Oberst Meurtrier: Wie? So wenig Gefangene? Zwanzig? Ich glaubte, daß Sie eine ganze Kompagnie haben!

de Massacré: Ich hatte sie. Aber die übrigen sind da unten im Schützengraben verreckt. Ich habe meinen Leuten den Befehl erteilt, 180 mit dem Bajonett niederzumachen. Die braven Jungen zögerten wohl, aber ich stellte ihnen kurzen Prozeß in Aussicht und da gings mit Halsabschneiden und Bauchaufschlitzen.

Meurtrier (ungehalten): 180? Das ist zu viel! Das wäre selbst dem General zu viel! Ich rate Ihnen, über diese Sache nicht zu sprechen, wenn Sie nicht riskieren wollen, aus der Liste der Ehrenlegion gestrichen zu werden.

de Massacré (selbstbewußt): Ich glaube im Gegenteil, Herr Oberst, daß ich in einigen Tagen das Kreuz der Ehrenlegion tragen werde! Und dann bekomme ich das Regiment von Korsika. Meine Taten eröffnen mir die Bahn und mein Ziel soll der Ausgangspunkt der gloire sein.

 Lengemann:

Eine halbe Autostunde weiter nördlich: der Hartmannsweilerkopf, der Hausberg des Ortes Hartmannsweiler. Die Soldaten beider Seiten nannten ihn den Menschenfresser. 956 Meter über dem Meer gelegen, wird das Schlachtfeld als der militärisch wertloseste Aussichtspunkt der Front beschrieben. Im Inneren hohl wie ein kariöser Zahn, von Hunderten Stollen durchzogen, befinden sich auf der Oberfläche unzählige Schützengräben und Bunker.
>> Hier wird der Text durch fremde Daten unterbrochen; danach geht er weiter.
lemma generate_imp_word:
  assumes "h \<in> generate G (\<alpha> ` carr X)"
  shows "\<exists>es. set es \<subseteq> edges X \<and> h = word es"
  using assms
proof (induction rule: generate.induct)
  case one
  show ?case by (intro exI[of _ "[]"]) simp
next
  case (incl h)
  then obtain x where "x \<in> carr X" "h = \<alpha> x" by auto
  then consider "h = \<one>" | "x \<in> edges X" "h = \<alpha> x"
    using carr_X \<alpha>_star by auto
  then show ?case
  proof cases
    case 2 then show ?thesis
      by (intro exI[of _ "[x]"]) (simp add: edge_in_carr)
  qed (intro exI[of _ "[]"], simp)
next
  case (inv h)
  then obtain x where "x \<in> carr X" "h = \<alpha> x" by auto
  then consider "h = \<one>" | "x \<in> edges X" "h = \<alpha> x"
    using carr_X \<alpha>_star by auto
  then show ?case
  proof cases
    case 1 then show ?thesis by (intro exI[of _ "[]"]) simp
  next
    case 2
    then have "rev X x \<in> edges X" "inv h = \<alpha> (rev X x)"
      using rev_in_edges[OF graph_X] \<alpha>_rev by auto
    then show ?thesis
      by (intro exI[of _ "[rev X x]"]) (simp add: edge_in_carr)
  qed
next
  case (eng h1 h2)
  then obtain es fs where "set es \<subseteq> edges X" "h1 = word es" "set fs \<subseteq> edges X" "h2 = word fs"
    by blast
  moreover have "set es \<subseteq> carr X" "set fs \<subseteq> carr X"
    using calculation by (auto simp: edges_def)
  ultimately show ?case
    by (intro exI[of _ "es @ fs"]) (simp add: word_append)
qed

primrec cayley_path :: "'g \<Rightarrow> 'x list \<Rightarrow> ('g \<times> 'x) list" where
  "cayley_path g [] = []"
| "cayley_path g (e # es) = (g, e) # cayley_path (g \<otimes> \<alpha> e) es"

lemma quot_walk_cayley_path:
  assumes "equiv (carr \<Gamma>) W" "g \<in> carrier G" "set es \<subseteq> edges X"
    and "((g \<otimes> word es, star), w) \<in> W"
  shows "quot_walk \<Gamma> W (g, star) w (cayley_path g es)"
  using assms(2-4)
proof (induction es arbitrary: g)
  case Nil
  then show ?case by simp
next
  case (Cons e es)
  then have e: "e \<in> edges X" "e \<in> carr X" and "set es \<subseteq> carr X"
    by (auto simp: edges_def)
  then have closed: "\<alpha> e \<in> carrier G" "word es \<in> carrier G"
    by (auto simp: word_closed)
  have "((g, star), (g, star)) \<in> W"
    using assms(1) Cons.prems(1) carr_X carr_\<Gamma> by (auto elim!: equivE dest: refl_onD)
  moreover have "quot_walk \<Gamma> W (g \<otimes> \<alpha> e, star) w (cayley_path (g \<otimes> \<alpha> e) es)"
    using Cons closed by (intro Cons.IH) (auto simp: m_assoc)
  ultimately show ?case
    using e Cons.prems(1) by (simp add: edges_\<Gamma> src_\<Gamma> tgt_\<Gamma>)
qed

lemma compatible_equiv_prod_rel:
  assumes "equiv (carrier G) R" "congruence_rel G R" "compatible_equiv X S"
    and "\<And>a b. (a, b) \<in> S \<Longrightarrow> (\<alpha> a, \<alpha> b) \<in> R"
  shows "compatible_equiv \<Gamma> (prod_rel R S)"
  unfolding compatible_equiv_def
proof (intro conjI allI impI)
  show "equiv (carr \<Gamma>) (prod_rel R S)"
    using assms(1,3) by (simp add: carr_\<Gamma> compatible_equiv_def equiv_prod_rel)
next
  fix p q assume "(p, q) \<in> prod_rel R S"
  then obtain g a h b where pq: "p = (g, a)" "q = (h, b)" "(g, h) \<in> R" "(a, b) \<in> S"
    unfolding prod_rel_def by auto
  moreover have "g \<in> carrier G" "h \<in> carrier G"
    using pq(3) assms(1) by (auto elim: equivE)
  ultimately show "(p \<in> verts \<Gamma>) = (q \<in> verts \<Gamma>)" "(src \<Gamma> p, src \<Gamma> q) \<in> prod_rel R S"
      "(rev \<Gamma> p, rev \<Gamma> q) \<in> prod_rel R S"
    using assms(3) congruence_rel_mult[OF assms(2) pq(3) assms(4)[OF pq(4)]]
    by (auto simp: compatible_equiv_def cayley_graph_def prod_rel_def)
qed

lemma quot_walk_imp_close_to_generate:
  assumes "equiv (carrier G) R" "congruence_rel G R"
    and "quot_walk \<Gamma> (prod_rel R S) (\<one>, star) (x, star) es"
  shows "\<exists>h\<in>generate G (\<alpha> ` carr X). (x, h) \<in> R"
proof -
  let ?H = "generate G (\<alpha> ` carr X)"
  have "\<exists>h\<in>?H. (fst (x, star), h) \<in> R"
  proof (rule quot_walk_invariant[OF assms(3), where Q = "\<lambda>p. \<exists>h\<in>?H. (fst p, h) \<in> R"])
    show "\<exists>h\<in>?H. (fst (\<one>, star), h) \<in> R"
      using assms(1) generate.one by (fastforce elim: equivE dest: refl_onD)
  next
    fix p q assume pq: "(p, q) \<in> prod_rel R S" and "\<exists>h\<in>?H. (fst p, h) \<in> R"
    then obtain h where "h \<in> ?H" "(fst p, h) \<in> R" by blast
    moreover have "(fst p, fst q) \<in> R" using pq unfolding prod_rel_def by auto
    ultimately show "\<exists>h\<in>?H. (fst q, h) \<in> R"
      using assms(1) by (meson equivE symD transD)
  next
    fix e assume e: "e \<in> edges \<Gamma>" "\<exists>h\<in>?H. (fst (src \<Gamma> e), h) \<in> R"
    then obtain k y h where "e = (k, y)" "y \<in> carr X" "h \<in> ?H" "(k, h) \<in> R"
      by (auto simp: edges_\<Gamma> edge_in_carr src_\<Gamma>)
    moreover have "(\<alpha> y, \<alpha> y) \<in> R"
      using \<open>y \<in> carr X\<close> assms(1) by (meson \<alpha>_in_carrier equivE refl_onD)
    moreover have "h \<otimes> \<alpha> y \<in> ?H"
      using \<open>h \<in> ?H\<close> \<open>y \<in> carr X\<close> by (blast intro: generate.eng generate.incl)
    ultimately show "\<exists>h\<in>?H. (fst (tgt \<Gamma> e), h) \<in> R"
      using congruence_rel_mult[OF assms(2)] by (fastforce simp: tgt_\<Gamma>)
  qed
  then show ?thesis by simp
qed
Jährlich zieht der Berg 200.000 Besucher an, die sich am schönen Schauer des Grauens laben. Die Kuppe wechselte während des Krieges mehrmals den Besitzer. Zwischen Dezember 1914 und Sommer 1916 starben hier 30.000 Soldaten.

Grabenkarte

Ein Frontverlauf wie ein Strickmuster. Die “Hölle” in Zahlen und Namen und Strichen… FOTOS: LENGEMANN

Es geht weiter, entlang der Front Richtung Nancy, nach Verdun. Zwischen 1914 und 1918 explodierten hier auf dem Schlachtfeld etwa 50 Millionen Artilleriegranaten. Insgesamt wurden von beiden Seiten 2,5 Millionen Soldaten eingesetzt. Wie viele insgesamt fielen, lässt sich heute nicht mehr sagen. Zu viel wurde gefälscht, beschönigt. Nach Berechnungen des britischen Historikers Niall Ferguson belief sich die Zahl der Toten während der Kriegshandlungen auf etwa 6000 pro Tag und die Zahl der Getöteten insgesamt auf circa 350.000 Menschen. Hier bewegte sich die Front in vier Jahren nur um ein paar Meter.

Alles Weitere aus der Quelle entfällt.